[Stored items]
lemma Idm_times_image_iff:
  assumes bij: "bij_betw \<phi> (carrier_vec n) (carrier_vec n)" and zero: "\<phi> (0\<^sub>v n) = 0\<^sub>v n"
    and hom: "\<And>x y. x \<in> carrier_vec n \<Longrightarrow> y \<in> carrier_vec n \<Longrightarrow> \<phi> (mul x y) = mul (\<phi> x) (\<phi> y)"
    and x: "x \<in> carrier_vec n"
  shows "\<phi> x \<in> Idm_times n mul \<longleftrightarrow> x \<in> Idm_times n mul"
proof -
  have inj: "u = v" if "\<phi> u = \<phi> v" "u \<in> carrier_vec n" "v \<in> carrier_vec n" for u v
    using bij that by (auto simp: bij_betw_def inj_on_def)
  have image: "\<phi> u \<in> carrier_vec n" if "u \<in> carrier_vec n" for u
    using bij that by (auto simp: bij_betw_def)
  have zero_iff: "\<phi> v = 0\<^sub>v n \<longleftrightarrow> v = 0\<^sub>v n" if "v \<in> carrier_vec n" for v
    using inj[of v "0\<^sub>v n"] that zero by auto
  have "(\<forall>u\<in>carrier_vec n. mul (\<phi> x) u = 0\<^sub>v n \<longrightarrow> u = 0\<^sub>v n)
      \<longleftrightarrow> (\<forall>v\<in>carrier_vec n. mul (\<phi> x) (\<phi> v) = 0\<^sub>v n \<longrightarrow> \<phi> v = 0\<^sub>v n)"
    using bij by (metis bij_betw_def imageE imageI)
  also have "\<dots> \<longleftrightarrow> (\<forall>v\<in>carrier_vec n. mul x v = 0\<^sub>v n \<longrightarrow> v = 0\<^sub>v n)"
    using x by (simp add: zero_iff mul_closed flip: hom)
  finally have "(\<forall>u\<in>carrier_vec n. mul (\<phi> x) u = 0\<^sub>v n \<longrightarrow> u = 0\<^sub>v n)
      \<longleftrightarrow> (\<forall>v\<in>carrier_vec n. mul x v = 0\<^sub>v n \<longrightarrow> v = 0\<^sub>v n)" .
  moreover have "mul (\<phi> x) (\<phi> x) = \<phi> x \<longleftrightarrow> mul x x = x"
    using inj x by (auto simp flip: hom simp: mul_closed)
  ultimately show ?thesis
    using x image zero_iff by (simp add: Idm_times_def)
qed

end

locale medial_vec_algebra = vec_algebra n mul
  for n and mul :: "'k::field vec \<Rightarrow> 'k vec \<Rightarrow> 'k vec" +
  assumes medial: "medial_algebra n mul"
begin

lemma mul_medial:
  "x \<in> carrier_vec n \<Longrightarrow> y \<in> carrier_vec n \<Longrightarrow> z \<in> carrier_vec n \<Longrightarrow> w \<in> carrier_vec n
    \<Longrightarrow> mul (mul x y) (mul z w) = mul (mul x z) (mul y w)"
  using medial unfolding medial_algebra_def by blast

lemma mul_idem_left_distrib:
  assumes "a \<in> carrier_vec n" "mul a a = a" "x \<in> carrier_vec n" "y \<in> carrier_vec n"
  shows "mul a (mul x y) = mul (mul a x) (mul a y)"
  using mul_medial[of a a x y] assms by simp

lemma Idm_times_mul_left_iff:
  assumes a: "a \<in> Idm_times n mul" and x: "x \<in> carrier_vec n"
  shows "mul a x \<in> Idm_times n mul \<longleftrightarrow> x \<in> Idm_times n mul"
  using a by (intro Idm_times_image_iff bij_betw_mul_left mul_zero_right mul_idem_left_distrib x)
    (auto simp: Idm_times_def)

lemma ex1_mul_left_eq_Idm_times:
  assumes a: "a \<in> Idm_times n mul" and b: "b \<in> Idm_times n mul"
  shows "\<exists>!x. x \<in> Idm_times n mul \<and> mul a x = b"
proof -
  have bij: "bij_betw (mul a) (carrier_vec n) (carrier_vec n)"
    using a by (intro bij_betw_mul_left) (auto simp: Idm_times_def)
  moreover have "b \<in> carrier_vec n"
    using b by (rule Idm_times_carrier)
  ultimately obtain x where x: "x \<in> carrier_vec n" "mul a x = b"
    by (metis bij_betw_def imageE)
  show ?thesis
  proof (rule ex1I)
    show "x \<in> Idm_times n mul \<and> mul a x = b"
      using x a b Idm_times_mul_left_iff by blast
    fix y assume "y \<in> Idm_times n mul \<and> mul a y = b"
    then show "y = x"
      using x bij_betw_imp_inj_on[OF bij] by (auto simp: Idm_times_def inj_on_def)
  qed
qed

lemma similar_L_mat_mul_left:
  assumes a: "a \<in> Idm_times n mul" and x: "x \<in> carrier_vec n"
  shows "similar_mat (L_mat n mul (mul a x)) (L_mat n mul x)"
proof -
  have a_carrier: "a \<in> carrier_vec n" and idem: "mul a a = a"
    using a by (auto simp: Idm_times_def)
  obtain B where B: "B \<in> carrier_mat n n" "B * L_mat n mul a = 1\<^sub>m n" "L_mat n mul a * B = 1\<^sub>m n"
    using L_mat_inverse a by (auto simp: Idm_times_def)
  have intertwine: "L_mat n mul (mul a x) * L_mat n mul a = L_mat n mul a * L_mat n mul x"
  proof (rule eq_mat_by_mult_vecI[where nr = n])
    fix u :: "'k vec" assume u: "u \<in> carrier_vec n"
    have "(L_mat n mul (mul a x) * L_mat n mul a) *\<^sub>v u = mul (mul a x) (mul a u)"
      using a_carrier x u by (simp add: assoc_mult_mat_vec[of _ n n _ n] L_mat_mult_vec mul_closed)
    also have "\<dots> = mul a (mul x u)"
      using mul_idem_left_distrib[OF a_carrier idem x u] by simp
    also have "\<dots> = (L_mat n mul a * L_mat n mul x) *\<^sub>v u"
      using a_carrier x u by (simp add: assoc_mult_mat_vec[of _ n n _ n] L_mat_mult_vec mul_closed)
    finally show "(L_mat n mul (mul a x) * L_mat n mul a) *\<^sub>v u = (L_mat n mul a * L_mat n mul x) *\<^sub>v u" .
  qed (metis L_mat_carrier mult_carrier_mat)+
  have "L_mat n mul (mul a x) = L_mat n mul (mul a x) * L_mat n mul a * B"
    using B by (simp add: assoc_mult_mat[of _ n n _ n _ n] right_mult_one_mat[of _ n n])
  also have "\<dots> = L_mat n mul a * L_mat n mul x * B"
    by (simp add: intertwine)
  finally have "L_mat n mul (mul a x) = L_mat n mul a * L_mat n mul x * B" .
  from similar_matI[OF _ B(3) B(2) this] show ?thesis
    using B(1) by simp
qed

lemma medial_on_Idm_times: "medial_on (Idm_times n mul) mul"
  unfolding medial_on_def by (blast intro: mul_medial Idm_times_carrier)

end

locale comm_medial_vec_algebra = medial_vec_algebra +
  assumes commutative: "commutative_on n mul"
begin

lemma mul_commute: "x \<in> carrier_vec n \<Longrightarrow> y \<in> carrier_vec n \<Longrightarrow> mul x y = mul y x"
  using commutative unfolding commutative_on_def by blast

lemma quasigroup_on_Idm_times: "quasigroup_on (Idm_times n mul) mul"
proof -
  have "mul a x \<in> Idm_times n mul" if "a \<in> Idm_times n mul" "x \<in> Idm_times n mul" for a x
    using Idm_times_mul_left_iff[OF that(1) Idm_times_carrier[OF that(2)]] that(2) by simp
  moreover have "\<exists>!y. y \<in> Idm_times n mul \<and> mul y a = b"
    if "a \<in> Idm_times n mul" "b \<in> Idm_times n mul" for a b
  proof -
    have "y \<in> Idm_times n mul \<and> mul y a = b \<longleftrightarrow> y \<in> Idm_times n mul \<and> mul a y = b" for y
      using mul_commute[of y a] Idm_times_carrier that(1) by auto
    then show ?thesis
      using ex1_mul_left_eq_Idm_times[OF that] by simp
  qed
  ultimately show ?thesis
    using ex1_mul_left_eq_Idm_times by (simp add: quasigroup_on_def)
qed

> Your task
Take each line above that holds the string "longleftrightarrow" and copy it.

> The answer
  shows "\<phi> x \<in> Idm_times n mul \<longleftrightarrow> x \<in> Idm_times n mul"
  have zero_iff: "\<phi> v = 0\<^sub>v n \<longleftrightarrow> v = 0\<^sub>v n" if "v \<in> carrier_vec n" for v
      \<longleftrightarrow> (\<forall>v\<in>carrier_vec n. mul (\<phi> x) (\<phi> v) = 0\<^sub>v n \<longrightarrow> \<phi> v = 0\<^sub>v n)"
  also have "\<dots> \<longleftrightarrow> (\<forall>v\<in>carrier_vec n. mul x v = 0\<^sub>v n \<longrightarrow> v = 0\<^sub>v n)"
      \<longleftrightarrow> (\<forall>v\<in>carrier_vec n. mul x v = 0\<^sub>v n \<longrightarrow> v = 0\<^sub>v n)" .
  moreover have "mul (\<phi> x) (\<phi> x) = \<phi> x \<longleftrightarrow> mul x x = x"
  shows "mul a x \<in> Idm_times n mul \<longleftrightarrow> x \<in> Idm_times n mul"
    have "y \<in> Idm_times n mul \<and> mul y a = b \<longleftrightarrow> y \<in> Idm_times n mul \<and> mul a y = b" for y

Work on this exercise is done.